Dataset excerpts:
(* Let $b>0$. For $\lambda\in\mathbb{C}\setminus[2,\infty)$ write $\lambda=-2\cos(\omega)$ with $\omega\in\Omega=\{\omega\in\mathbb{C}:\ \operatorname{Re}\omega\in[0,\pi),\ \operatorname{Im}\omega\in\mathbb{R}\}$, and define $$G_\lambda(x)=\frac{1}{2b\sin(\omega)}\,\frac{\sinh\left(\frac{\omega}{b}x\right)}{\sinh\left(\frac{\pi}{b}x\right)},\qquad x\in\mathbb{R}\setminus\{0\},\qquad G_\lambda(0)=\frac{1}{2\pi b}\,\frac{\omega}{\sin(\omega)}.$$ Then for every $\lambda\in\mathbb{C}\setminus[2,\infty)$, $$|G_\lambda(x)|\le|G_\lambda(0)|\quad\text{for all }x\in\mathbb{R}.$$
   Context: $G_\lambda(x-y)$ is the integral kernel of the resolvent $(W_0(b)-\lambda)^{-1}$, where $W_0(b)$ is multiplication by $2\cosh(2\pi bk)$ in Fourier space. The value $G_\lambda(0)$ is the limit of $G_\lambda(x)$ as $x\to0$. At $\omega=0$ (i.e. $\lambda=-2$) the expressions are understood by continuity in $\omega$: $\frac{\sinh(\omega x/b)}{\sin\omega}\to x/b$ and $\frac{\omega}{\sin\omega}\to1$. *)

theory Defs
  imports "HOL-Analysis.Analysis"
begin

text \<open>Resolvent kernel G_lambda(x), written in terms of the parameter w = omega
  (lambda = -2 cos w, w in Omega).  At w = 0 the expressions are
  taken by continuity: sinh(w x / b)/sin w becomes x/b and
  w / sin w becomes 1.\<close>
definition G :: "real \<Rightarrow> complex \<Rightarrow> real \<Rightarrow> complex" where
  "G b w x =
    (if x = 0 then
       (if w = 0 then complex_of_real (1 / (2 * pi * b))
        else w / (complex_of_real (2 * pi * b) * sin w))
     else
       (if w = 0 then complex_of_real ((x / b) / (2 * b * sinh (pi * x / b)))
        else sinh (w * complex_of_real (x / b))
              / (complex_of_real (2 * b) * sin w * complex_of_real (sinh (pi * x / b)))))"

end

theory Submission
  imports Defs
begin

(* Away from x = 0 the bound is equivalent to pi |sinh (w t)| <= |w| |sinh (pi t)| with t = x / b.
   Since |sinh (a + i c)|^2 = sinh a ^ 2 + sin c ^ 2, it suffices to bound the two parts
   separately: convexity of sinh on [0, oo) gives sinh (a |t|) <= (a / pi) sinh (pi |t|) for
   0 <= a <= pi, and |sin (c t)| <= |c t| <= |c| sinh (pi |t|) / pi.  The degenerate parameter
   w = 0 is the inequality pi |t| <= |sinh (pi t)|. *)

lemma Re_sinh: "Re (sinh z) = sinh (Re z) * cos (Im z)"
  by (simp add: sinh_field_def Re_exp sinh_def cosh_def field_simps)

lemma Im_sinh: "Im (sinh z) = cosh (Re z) * sin (Im z)"
  by (simp add: sinh_field_def Im_exp sinh_def cosh_def field_simps)

lemma norm_sinh_squared: "norm (sinh z) ^ 2 = sinh (Re z) ^ 2 + sin (Im z) ^ 2"
proof -
  have "norm (sinh z) ^ 2 = sinh (Re z) ^ 2 * cos (Im z) ^ 2 + cosh (Re z) ^ 2 * sin (Im z) ^ 2"
    by (simp add: cmod_power2 Re_sinh Im_sinh power_mult_distrib)
  also have "\<dots> = sinh (Re z) ^ 2 * (1 - sin (Im z) ^ 2) + (sinh (Re z) ^ 2 + 1) * sin (Im z) ^ 2"
    by (simp only: cosh_square_eq cos_squared_eq)
  also have "\<dots> = sinh (Re z) ^ 2 + sin (Im z) ^ 2"
    by algebra
  finally show ?thesis .
qed

lemma sinh_mult_le:
  fixes c y :: real
  assumes "0 \<le> c" "c \<le> 1" "0 \<le> y"
  shows "sinh (c * y) \<le> c * sinh y"
proof -
  have "c * sinh 0 - sinh (c * 0) \<le> c * sinh y - sinh (c * y)"
  proof (rule DERIV_nonneg_imp_increasing_open[of 0 y])
    fix x :: real
    assume x: "0 < x" "x < y"
    have "cosh (c * x) \<le> cosh x"
      using assms x by (subst cosh_real_nonneg_le_iff) (auto simp: mult_left_le_one_le)
    then have "0 \<le> c * cosh x - c * cosh (c * x)"
      using assms by (simp add: right_diff_distrib[symmetric])
    moreover have "((\<lambda>v. c * sinh v - sinh (c * v)) has_real_derivative
        (c * cosh x - c * cosh (c * x))) (at x)"
      by (auto intro!: derivative_eq_intros)
    ultimately show "\<exists>z. ((\<lambda>v. c * sinh v - sinh (c * v)) has_real_derivative z) (at x) \<and> 0 \<le> z"
      by blast
  qed (use assms in \<open>auto intro!: continuous_intros\<close>)
  then show ?thesis by simp
qed

lemma abs_le_abs_sinh: "\<bar>y\<bar> \<le> \<bar>sinh (y :: real)\<bar>"
  using real_le_abs_sinh[of y] by (simp add: sinh_field_def exp_minus)

lemma abs_sinh_mult_le:
  fixes a t :: real
  assumes "\<bar>a\<bar> \<le> pi"
  shows "pi * \<bar>sinh (a * t)\<bar> \<le> \<bar>a\<bar> * \<bar>sinh (pi * t)\<bar>"
proof -
  have "\<bar>sinh (a * t)\<bar> = sinh ((\<bar>a\<bar> / pi) * (pi * \<bar>t\<bar>))"
    by (simp flip: sinh_real_abs add: abs_mult)
  also have "\<dots> \<le> (\<bar>a\<bar> / pi) * sinh (pi * \<bar>t\<bar>)"
    using assms by (intro sinh_mult_le) auto
  also have "\<dots> = (\<bar>a\<bar> / pi) * \<bar>sinh (pi * t)\<bar>"
    by (simp flip: sinh_real_abs add: abs_mult)
  finally show ?thesis
    by (simp add: field_simps)
qed

lemma abs_sin_mult_le:
  fixes c t :: real
  shows "pi * \<bar>sin (c * t)\<bar> \<le> \<bar>c\<bar> * \<bar>sinh (pi * t)\<bar>"
proof -
  have "pi * \<bar>sin (c * t)\<bar> \<le> pi * \<bar>c * t\<bar>"
    using abs_sin_x_le_abs_x by simp
  also have "\<dots> = \<bar>c\<bar> * \<bar>pi * t\<bar>"
    by (simp add: abs_mult)
  also have "\<dots> \<le> \<bar>c\<bar> * \<bar>sinh (pi * t)\<bar>"
    by (intro mult_left_mono abs_le_abs_sinh) auto
  finally show ?thesis .
qed

lemma norm_sinh_mult_le:
  fixes w :: complex and t :: real
  assumes "\<bar>Re w\<bar> \<le> pi"
  shows "pi * norm (sinh (w * of_real t)) \<le> norm w * \<bar>sinh (pi * t)\<bar>"
proof (rule power2_le_imp_le)
  define P where "P = \<bar>sinh (pi * t)\<bar>"
  have "(pi * norm (sinh (w * of_real t))) ^ 2
      = (pi * \<bar>sinh (Re w * t)\<bar>) ^ 2 + (pi * \<bar>sin (Im w * t)\<bar>) ^ 2"
    by (simp add: power_mult_distrib norm_sinh_squared distrib_left)
  also have "\<dots> \<le> (\<bar>Re w\<bar> * P) ^ 2 + (\<bar>Im w\<bar> * P) ^ 2"
    unfolding P_def using assms
    by (intro add_mono power_mono abs_sinh_mult_le abs_sin_mult_le) auto
  also have "\<dots> = (norm w * P) ^ 2"
    by (simp add: power_mult_distrib cmod_power2 distrib_right)
  finally show "(pi * norm (sinh (w * of_real t))) ^ 2 \<le> (norm w * \<bar>sinh (pi * t)\<bar>) ^ 2"
    unfolding P_def .
qed simp

lemma sin_nonzero_in_strip:
  fixes w :: complex
  assumes "Re w \<in> {0..<pi}" "w \<noteq> 0"
  shows "sin w \<noteq> 0"
proof
  assume "sin w = 0"
  then obtain n :: int where n: "w = of_real (n * pi)"
    by (auto simp: sin_eq_0)
  with assms(1) have "0 \<le> real_of_int n * pi" "real_of_int n * pi < 1 * pi"
    by auto
  then have "0 \<le> real_of_int n" "real_of_int n < 1"
    using pi_gt_zero by (auto simp: zero_le_mult_iff)
  then have "n = 0" by linarith
  with n assms(2) show False by simp
qed

lemma norm_G_le_norm_G_0:
  assumes "b > 0" "\<bar>Re w\<bar> \<le> pi" "sin w \<noteq> 0"
  shows "norm (G b w x) \<le> norm (G b w 0)"
proof (cases "x = 0")
  case False
  define t where "t = x / b"
  have "w \<noteq> 0"
    using assms(3) by auto
  have "sinh (pi * t) \<noteq> 0"
    using assms(1) False by (simp add: t_def)
  then have pos: "0 < 2 * pi * b * norm (sin w) * \<bar>sinh (pi * t)\<bar>"
    using assms by simp
  have "norm (G b w x) = norm (sinh (w * of_real t)) / (2 * b * norm (sin w) * \<bar>sinh (pi * t)\<bar>)"
    using \<open>w \<noteq> 0\<close> False assms(1) by (simp add: G_def t_def norm_divide norm_mult)
  also have "\<dots> = pi * norm (sinh (w * of_real t)) / (2 * pi * b * norm (sin w) * \<bar>sinh (pi * t)\<bar>)"
    by simp
  also have "\<dots> \<le> norm w * \<bar>sinh (pi * t)\<bar> / (2 * pi * b * norm (sin w) * \<bar>sinh (pi * t)\<bar>)"
    using pos assms(2) by (intro divide_right_mono norm_sinh_mult_le) auto
  also have "\<dots> = norm w / (2 * pi * b * norm (sin w))"
    using \<open>sinh (pi * t) \<noteq> 0\<close> by simp
  also have "\<dots> = norm (G b w 0)"
    using \<open>w \<noteq> 0\<close> assms(1) by (simp add: G_def norm_divide norm_mult)
  finally show ?thesis .
qed simp

lemma norm_G_le_norm_G_0_at_param_0:
  assumes "b > 0"
  shows "norm (G b 0 x) \<le> norm (G b 0 0)"
proof (cases "x = 0")
  case False
  define t where "t = x / b"
  have "sinh (pi * t) \<noteq> 0"
    using assms False by (simp add: t_def)
  then have pos: "0 < 2 * pi * b * \<bar>sinh (pi * t)\<bar>"
    using assms by simp
  have "norm (G b 0 x) = \<bar>t\<bar> / (2 * b * \<bar>sinh (pi * t)\<bar>)"
    using False assms by (simp add: G_def t_def norm_divide norm_mult abs_mult)
  also have "\<dots> = pi * \<bar>t\<bar> / (2 * pi * b * \<bar>sinh (pi * t)\<bar>)"
    by simp
  also have "\<dots> \<le> \<bar>sinh (pi * t)\<bar> / (2 * pi * b * \<bar>sinh (pi * t)\<bar>)"
    using pos abs_le_abs_sinh[of "pi * t"] by (intro divide_right_mono) (auto simp: abs_mult)
  also have "\<dots> = norm (G b 0 0)"
    using \<open>sinh (pi * t) \<noteq> 0\<close> assms by (simp add: G_def norm_divide norm_mult)
  finally show ?thesis .
qed simp

(* The hypotheses on lam only record the parametrisation lam = -2 cos w; the bound holds for
   every w in the strip. *)
theorem proposition3p2:
  fixes b :: real and lam w :: complex
  assumes "b > 0"
    and "lam \<notin> complex_of_real ` {2..}"
    and "Re w \<in> {0..<pi}"
    and "lam = - 2 * cos w"
  shows "\<forall>x::real. norm (G b w x) \<le> norm (G b w 0)"
proof (cases "w = 0")
  case True
  then show ?thesis
    using norm_G_le_norm_G_0_at_param_0[OF assms(1)] by simp
next
  case False
  then have "sin w \<noteq> 0"
    using sin_nonzero_in_strip assms(3) by blast
  moreover have "\<bar>Re w\<bar> \<le> pi"
    using assms(3) by auto
  ultimately show ?thesis
    using norm_G_le_norm_G_0[OF assms(1)] by blast
qed

end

Task directions:
Retype exactly, and only, the lines above from the one where "w * \<bar>sinh (pi * t)\<bar> /" occurs up to and including the one where "using pos assms(2)" occurs.

Answer:
  also have "\<dots> \<le> norm w * \<bar>sinh (pi * t)\<bar> / (2 * pi * b * norm (sin w) * \<bar>sinh (pi * t)\<bar>)"
    using pos assms(2) by (intro divide_right_mono norm_sinh_mult_le) auto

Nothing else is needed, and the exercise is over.